В прошлом году сюда еще наведывалась какая-то древняя старуха с внучками, двумя девочками лет девяти-десяти, в белых пикейных панамках; приходили они на свежую могилу, выросшую в один весенний день, — холмик, обложенный дерном, осененный единственным букетиком ландышей, поставленным в стеклянную баночку от компота. Однажды старуха привела на могилу священника — кудрявого мужчину в парчовом облачении, из-под подола которого виднелись желтые остроносые ботинки; поп служил панихиду, бряцая кадильницей, летавшей на тонких цепочках, бабушка молилась, девочки, подражая ей, размашисто крестились.
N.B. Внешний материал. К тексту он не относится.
definition directed_tree :: "'a set \<Rightarrow> ('a \<times> 'a) set \<Rightarrow> bool" where
  "directed_tree V E \<longleftrightarrow> finite V \<and> V \<noteq> {} \<and> E \<subseteq> V \<times> V \<and>
     (\<forall>v. (v, v) \<notin> E) \<and> (\<forall>u v. (u, v) \<in> E \<longrightarrow> (v, u) \<notin> E) \<and>
     (\<forall>u\<in>V. \<forall>v\<in>V. (u, v) \<in> {(x, y). adj E x y}\<^sup>*) \<and>
     (\<nexists>vs. undirected_cycle E vs)"

definition arborescence :: "'a set \<Rightarrow> ('a \<times> 'a) set \<Rightarrow> 'a \<Rightarrow> bool" where
  "arborescence V E r \<longleftrightarrow> directed_tree V E \<and> r \<in> V \<and> (\<forall>v\<in>V. (r, v) \<in> E\<^sup>*)"

definition dipath :: "('a \<times> 'a) set \<Rightarrow> 'a list \<Rightarrow> bool" where
  "dipath E vs \<longleftrightarrow> vs \<noteq> [] \<and> distinct vs \<and>
     (\<forall>i. Suc i < length vs \<longrightarrow> (vs ! i, vs ! Suc i) \<in> E)"

definition path_arcs :: "'a list \<Rightarrow> ('a \<times> 'a) set" where
  "path_arcs vs = set (zip vs (tl vs))"

definition nonempty_path_arcsets :: "('a \<times> 'a) set \<Rightarrow> ('a \<times> 'a) set set" where
  "nonempty_path_arcsets E = {path_arcs vs | vs. dipath E vs \<and> length vs \<ge> 2}"

definition realizer :: "'b set \<Rightarrow> ('b \<times> 'b) set \<Rightarrow> nat \<Rightarrow> (nat \<Rightarrow> ('b \<times> 'b) set) \<Rightarrow> bool" where
  "realizer X R k L \<longleftrightarrow> (\<forall>i<k. linear_order_on X (L i)) \<and>
     (\<forall>x\<in>X. \<forall>y\<in>X. (x, y) \<in> R \<longleftrightarrow> (\<forall>i<k. (x, y) \<in> L i))"

definition order_dimension :: "'b set \<Rightarrow> ('b \<times> 'b) set \<Rightarrow> nat" where
  "order_dimension X R = (LEAST k. \<exists>L. realizer X R k L)"

definition inclusion_order :: "'b set set \<Rightarrow> ('b set \<times> 'b set) set" where
  "inclusion_order X = {(p, q). p \<in> X \<and> q \<in> X \<and> p \<subseteq> q}"

end

theory Submission
  imports Defs "HOL-Library.Sublist" "HOL-Library.List_Lexorder" "HOL-Library.Product_Lexorder"
begin

text \<open>Every nonempty directed path p of an arborescence is a terminal segment of the unique
  path P(p) from the root to its last vertex, starting at some depth s(p), and p \<subseteq> q holds
  iff P(p) is a prefix of P(q) and s(q) \<le> s(p). Coding vertices by integers, a list is a
  prefix of another iff it precedes it lexicographically both as it stands and after negating
  all entries. Refining these two lexicographic orders by decreasing depth, and adding the order
  by decreasing depth refined lexicographically, gives three linear orders whose intersection
  is inclusion.\<close>

section \<open>Directed paths in an arborescence\<close>

definition root_path :: "('a \<times> 'a) set \<Rightarrow> 'a \<Rightarrow> 'a list \<Rightarrow> bool" where
  "root_path E r P \<longleftrightarrow> dipath E P \<and> hd P = r"

lemma root_in_root_path: "root_path E r P \<Longrightarrow> r \<in> set P"
  by (cases P) (auto simp: root_path_def dipath_def)

lemma dipath_iff_successively:
  "dipath E vs \<longleftrightarrow> vs \<noteq> [] \<and> distinct vs \<and> successively (\<lambda>x y. (x, y) \<in> E) vs"
  by (simp add: dipath_def successively_conv_nth)

lemma undirected_cycle_iff_successively:
  "undirected_cycle E vs \<longleftrightarrow>
     3 \<le> length vs \<and> distinct vs \<and> successively (adj E) vs \<and> adj E (last vs) (hd vs)"
  by (simp add: undirected_cycle_def successively_conv_nth)

lemma dipath_appendD:
  assumes "dipath E (xs @ ys)"
  shows "xs \<noteq> [] \<Longrightarrow> dipath E xs" and "ys \<noteq> [] \<Longrightarrow> dipath E ys"
  using assms by (auto simp: dipath_iff_successively successively_append_iff)

lemma dipath_set_subset:
  assumes "E \<subseteq> V \<times> V" and "dipath E vs" and "hd vs \<in> V"
  shows "set vs \<subseteq> V"
  using assms(2,3)
proof (induction vs)
  case (Cons a ws)
  have "set ws \<subseteq> V" if "ws \<noteq> []"
  proof (rule Cons.IH)
    show "dipath E ws" using Cons.prems(1) dipath_appendD(2)[of E "[a]" ws] that by simp
    have "(a, hd ws) \<in> E"
      using Cons.prems(1) that by (auto simp: dipath_iff_successively neq_Nil_conv)
    then show "hd ws \<in> V" using assms(1) by blast
  qed
  then show ?case using Cons.prems(2) by (cases "ws = []") auto
qed simp

lemma prefix_map_iff:
  assumes "inj_on g (set xs \<union> set ys)"
  shows "prefix (map g xs) (map g ys) \<longleftrightarrow> prefix xs ys"
proof
  assume "prefix (map g xs) (map g ys)"
  then obtain xs' where xs': "prefix xs' ys" "map g xs = map g xs'"
    using prefix_map_rightE by blast
  have "inj_on g (set xs \<union> set xs')"
    using set_mono_prefix[OF xs'(1)] by (auto intro: inj_on_subset[OF assms])
  then have "xs = xs'" using xs'(2) inj_on_map_eq_map by blast
  then show "prefix xs ys" using xs'(1) by simp
qed (rule map_mono_prefix)

lemma path_arcs_drop:
  "(x, y) \<in> path_arcs (drop t Q) \<longleftrightarrow> (\<exists>j. t \<le> j \<and> Suc j < length Q \<and> x = Q ! j \<and> y = Q ! Suc j)"
proof
  assume "(x, y) \<in> path_arcs (drop t Q)"
  then obtain i where "i < min (length (drop t Q)) (length (tl (drop t Q)))"
     "(x, y) = (drop t Q ! i, tl (drop t Q) ! i)"
    unfolding path_arcs_def set_zip by blast
  then show "\<exists>j. t \<le> j \<and> Suc j < length Q \<and> x = Q ! j \<and> y = Q ! Suc j"
    by (intro exI[of _ "t + i"]) (auto simp: nth_tl)
next
  assume "\<exists>j. t \<le> j \<and> Suc j < length Q \<and> x = Q ! j \<and> y = Q ! Suc j"
  then obtain j where j: "t \<le> j" "Suc j < length Q" "x = Q ! j" "y = Q ! Suc j" by blast
  have "(drop t Q ! (j - t), tl (drop t Q) ! (j - t)) \<in> set (zip (drop t Q) (tl (drop t Q)))"
    unfolding set_zip using j by (intro CollectI exI[of _ "j - t"]) auto
  moreover have "drop t Q ! (j - t) = x" "tl (drop t Q) ! (j - t) = y"
    using j by (auto simp: nth_tl Suc_diff_le)
  ultimately show "(x, y) \<in> path_arcs (drop t Q)" unfolding path_arcs_def by simp
qed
И Андрей Христофорович определил себе в обязанность потолковать со старухой о правильном воспитании детей — надо было как-то вмешаться в судьбу этих двух девочек, вверенных ее попечению. Но осуществить свое намерение ему не удалось: бабушка с внучатами больше не появлялась, — возможно, что и некому стало приводить детей на кладбище. И теперь редко кто и лишь ненароком заглядывал в этот отдаленный ногтевский угол.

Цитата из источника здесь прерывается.